Power requirements of an RF remote control

[Peabody]

In a recent thread on IR remotes, Ian.M made the point to me that WiFi is generally expensive power-wise, so putting it in a remote might not be the best setup.  Instead you might have an intermediate device such as a mains-powered Pi Zero that would communicate with the battery-powered IR remote at one end, and with the target device over the network by WiFi.

The thread related to Roku devices, and the power issue raises the question of how modern Roku "point anywhere" remotes, which operate by RF in some way, manage to get decent battery life - if they do.  My Roku 2 remote is IR-only, so I don't have an RF remote to play with.  My interest is not so much the Roku specifically, but the use of RF in battery-powered devices in general.

While I can't find any documentation on it, my understanding from Roku Forum comments is that modern Roku remotes have two, possibly three, options for RF communication with the Roku puck or stick, in addition to the IR option:

1.  Bluetooth
2.  WiFi network
3.  Direct remote-to-puck RF of some kind, not involving the network or the router.

From my limited experience, the main issue is whether the remote has to stay on to remain paired, or can it go into deep sleep but still respond quickly enough when a button is pressed.

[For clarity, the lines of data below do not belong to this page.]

(* Let $(A,\cdot,\alpha)$ be an anticommutative multiplicative Hom-algebra over a field $\mathbb{K}$ of characteristic $0$. Then: (i) $J_{\alpha}(x,y,z)$ is skew-symmetric in its three variables; (ii) for all $w,x,y,z\in A$, $$\alpha^{2}(w)\cdot J_{\alpha}(x,y,z)-\alpha^{2}(x)\cdot J_{\alpha}(y,z,w)+\alpha^{2}(y)\cdot J_{\alpha}(z,w,x)-\alpha^{2}(z)\cdot J_{\alpha}(w,x,y)$$ $$= J_{\alpha}(w\cdot x,\alpha(y),\alpha(z))+J_{\alpha}(y\cdot z,\alpha(w),\alpha(x))+J_{\alpha}(w\cdot y,\alpha(z),\alpha(x))+J_{\alpha}(z\cdot x,\alpha(w),\alpha(y))-J_{\alpha}(z\cdot w,\alpha(x),\alpha(y))-J_{\alpha}(x\cdot y,\alpha(z),\alpha(w)).$$
   Context: A multiplicative Hom-algebra is a triple $(A,\cdot,\alpha)$ with $A$ a vector space over $\mathbb{K}$, $\cdot$ a bilinear product, and $\alpha:A\to A$ linear with $\alpha(x\cdot y)=\alpha(x)\cdot\alpha(y)$. Anticommutative means $x\cdot y=-y\cdot x$. The Hom-Jacobian is $J_{\alpha}(x,y,z)=(x\cdot y)\cdot\alpha(z)+(y\cdot z)\cdot\alpha(x)+(z\cdot x)\cdot\alpha(y)$. *)

theory Defs
  imports Complex_Main
begin

definition bilinear_prod :: "('k::field \<Rightarrow> 'a::ab_group_add \<Rightarrow> 'a) \<Rightarrow> ('a \<Rightarrow> 'a \<Rightarrow> 'a) \<Rightarrow> bool" where
  "bilinear_prod scale mult \<longleftrightarrow>
     (\<forall>y. Vector_Spaces.linear scale scale (\<lambda>x. mult x y)) \<and>
     (\<forall>x. Vector_Spaces.linear scale scale (\<lambda>y. mult x y))"

definition multiplicative_hom_algebra ::
  "('k::field \<Rightarrow> 'a::ab_group_add \<Rightarrow> 'a) \<Rightarrow> ('a \<Rightarrow> 'a \<Rightarrow> 'a) \<Rightarrow> ('a \<Rightarrow> 'a) \<Rightarrow> bool" where
  "multiplicative_hom_algebra scale mult alpha \<longleftrightarrow>
     vector_space scale \<and> bilinear_prod scale mult \<and>
     Vector_Spaces.linear scale scale alpha \<and>
     (\<forall>x y. alpha (mult x y) = mult (alpha x) (alpha y))"

definition anticommutative :: "('a::ab_group_add \<Rightarrow> 'a \<Rightarrow> 'a) \<Rightarrow> bool" where
  "anticommutative mult \<longleftrightarrow> (\<forall>x y. mult x y = - mult y x)"

definition hom_jacobian :: "('a::ab_group_add \<Rightarrow> 'a \<Rightarrow> 'a) \<Rightarrow> ('a \<Rightarrow> 'a) \<Rightarrow> 'a \<Rightarrow> 'a \<Rightarrow> 'a \<Rightarrow> 'a" where
  "hom_jacobian mult alpha x y z =
     mult (mult x y) (alpha z) + mult (mult y z) (alpha x) + mult (mult z x) (alpha y)"

end

theory Submission
  imports Defs
begin

text \<open>Skew-symmetry of \<open>J\<^sub>\<alpha>\<close> is immediate from
  anticommutativity. For the identity, expand
  \<open>J\<^sub>\<alpha>(a\<cdot>b, \<alpha> c, \<alpha> d) = ((a\<cdot>b)\<cdot>\<alpha> c)\<cdot>\<alpha>\<^sup>2 d - ((a\<cdot>b)\<cdot>\<alpha> d)\<cdot>\<alpha>\<^sup>2 c + (\<alpha> c\<cdot>\<alpha> d)\<cdot>(\<alpha> a\<cdot>\<alpha> b)\<close>:
  the six products of products on the right cancel in pairs, and the twelve remaining terms
  are, up to anticommutativity of the inner factors, the twelve terms of the left-hand side.\<close>

locale anticommutative_hom_algebra =
  fixes mult :: "'a::ab_group_add \<Rightarrow> 'a \<Rightarrow> 'a" (infixl \<open>\<cdot>\<close> 70)
    and \<alpha> :: "'a \<Rightarrow> 'a"
  assumes additive_left: "additive (\<lambda>x. x \<cdot> y)"
    and anticomm: "x \<cdot> y = - (y \<cdot> x)"
    and hom_mult: "\<alpha> (x \<cdot> y) = \<alpha> x \<cdot> \<alpha> y"
begin

lemma mult_add_left: "(a + b) \<cdot> c = a \<cdot> c + b \<cdot> c"
  and mult_minus_left: "(- a) \<cdot> c = - (a \<cdot> c)"
  using additive_left [of c] by (auto intro: additive.add additive.minus)

abbreviation J where "J \<equiv> hom_jacobian (\<cdot>) \<alpha>"

lemma hom_jacobian_swap_12: "J x y z = - J y x z"
  and hom_jacobian_swap_23: "J x y z = - J x z y"
  and hom_jacobian_swap_13: "J x y z = - J z y x"
  unfolding hom_jacobian_def
  by (simp_all add: anticomm [of x y] anticomm [of y z] anticomm [of z x] mult_minus_left)

lemma hom_jacobian_of_mult:
  "J (a \<cdot> b) (\<alpha> c) (\<alpha> d)
     = ((a \<cdot> b) \<cdot> \<alpha> c) \<cdot> \<alpha> (\<alpha> d) - ((a \<cdot> b) \<cdot> \<alpha> d) \<cdot> \<alpha> (\<alpha> c) + (\<alpha> c \<cdot> \<alpha> d) \<cdot> (\<alpha> a \<cdot> \<alpha> b)"
  unfolding hom_jacobian_def hom_mult
  by (simp add: anticomm [of "\<alpha> d" "a \<cdot> b"] mult_minus_left)

lemma mult_hom_jacobian:
  "\<alpha> (\<alpha> w) \<cdot> J x y z
     = - (((x \<cdot> y) \<cdot> \<alpha> z) \<cdot> \<alpha> (\<alpha> w) + ((y \<cdot> z) \<cdot> \<alpha> x) \<cdot> \<alpha> (\<alpha> w)
          + ((z \<cdot> x) \<cdot> \<alpha> y) \<cdot> \<alpha> (\<alpha> w))"
  by (subst anticomm) (simp add: hom_jacobian_def mult_add_left)

lemma hom_jacobian_identity:
  "\<alpha> (\<alpha> w) \<cdot> J x y z - \<alpha> (\<alpha> x) \<cdot> J y z w + \<alpha> (\<alpha> y) \<cdot> J z w x - \<alpha> (\<alpha> z) \<cdot> J w x y
     = J (w \<cdot> x) (\<alpha> y) (\<alpha> z) + J (y \<cdot> z) (\<alpha> w) (\<alpha> x) + J (w \<cdot> y) (\<alpha> z) (\<alpha> x)
       + J (z \<cdot> x) (\<alpha> w) (\<alpha> y) - J (z \<cdot> w) (\<alpha> x) (\<alpha> y) - J (x \<cdot> y) (\<alpha> z) (\<alpha> w)"
proof -
  have cancel: "(\<alpha> a \<cdot> \<alpha> b) \<cdot> (\<alpha> c \<cdot> \<alpha> d) + (\<alpha> c \<cdot> \<alpha> d) \<cdot> (\<alpha> a \<cdot> \<alpha> b) = 0" for a b c d
    by (simp add: anticomm [of "\<alpha> a \<cdot> \<alpha> b"])
  have "w \<cdot> y = - (y \<cdot> w)" "x \<cdot> z = - (z \<cdot> x)" "z \<cdot> w = - (w \<cdot> z)"
    by (rule anticomm)+
  then show ?thesis
    unfolding hom_jacobian_of_mult mult_hom_jacobian
    using cancel [of w x y z] cancel [of w y z x] cancel [of x y z w]
    by (simp add: mult_minus_left algebra_simps)
qed

end

theorem lemma2p4:
  fixes scale :: "'k::field_char_0 \<Rightarrow> 'a::ab_group_add \<Rightarrow> 'a"
    and mult :: "'a \<Rightarrow> 'a \<Rightarrow> 'a"
    and alpha :: "'a \<Rightarrow> 'a"
  assumes "multiplicative_hom_algebra scale mult alpha"
    and "anticommutative mult"
  defines "J \<equiv> hom_jacobian mult alpha"
  shows "(\<forall>x y z. J x y z = - J y x z \<and> J x y z = - J x z y \<and> J x y z = - J z y x)
    \<and> (\<forall>w x y z.
        mult (alpha (alpha w)) (J x y z) - mult (alpha (alpha x)) (J y z w)
        + mult (alpha (alpha y)) (J z w x) - mult (alpha (alpha z)) (J w x y)
      = J (mult w x) (alpha y) (alpha z) + J (mult y z) (alpha w) (alpha x)
        + J (mult w y) (alpha z) (alpha x) + J (mult z x) (alpha w) (alpha y)
        - J (mult z w) (alpha x) (alpha y) - J (mult x y) (alpha z) (alpha w))"
proof -
  interpret anticommutative_hom_algebra mult alpha
  proof unfold_locales
    show "mult (a + b) c = mult a c + mult b c" for a b c
      using assms(1) unfolding multiplicative_hom_algebra_def bilinear_prod_def
        Vector_Spaces.linear_iff by blast
    show "mult x y = - mult y x" for x y
      using assms(2) unfolding anticommutative_def by blast
    show "alpha (mult x y) = mult (alpha x) (alpha y)" for x y
      using assms(1) unfolding multiplicative_hom_algebra_def by blast
  qed
  show ?thesis
    unfolding J_def
    using hom_jacobian_swap_12 hom_jacobian_swap_23 hom_jacobian_swap_13 hom_jacobian_identity
    by blast
qed

end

I don't know enough about how Bluetooth works to even ask a question.  But for WiFi, it seems the remote would have to stay awake and communicate periodically to remain paired.  If it had to go through establishing a session with the router when a button is pushed, it seems that might take too long.  Is that right, or do I not understand  this part of the WiFi protocol?

As for direct RF, it seems to me that in theory such a connection could operate exactly like IR does, even using the same codes and the same 38K "carrier".  The difference would be that the underlying frequency would be 433MHz or something like that instead of 940nm infrared light.  You would still have a 38K demodulating receiver to provide the OOK signals.  This system, like IR, would require no pairing, would be one-way, and would permit putting the remote into deep sleep, awakened by any keypress.

Does anybody have any information on the direct RF option?  I've found no Roku documentation confirming it even exists.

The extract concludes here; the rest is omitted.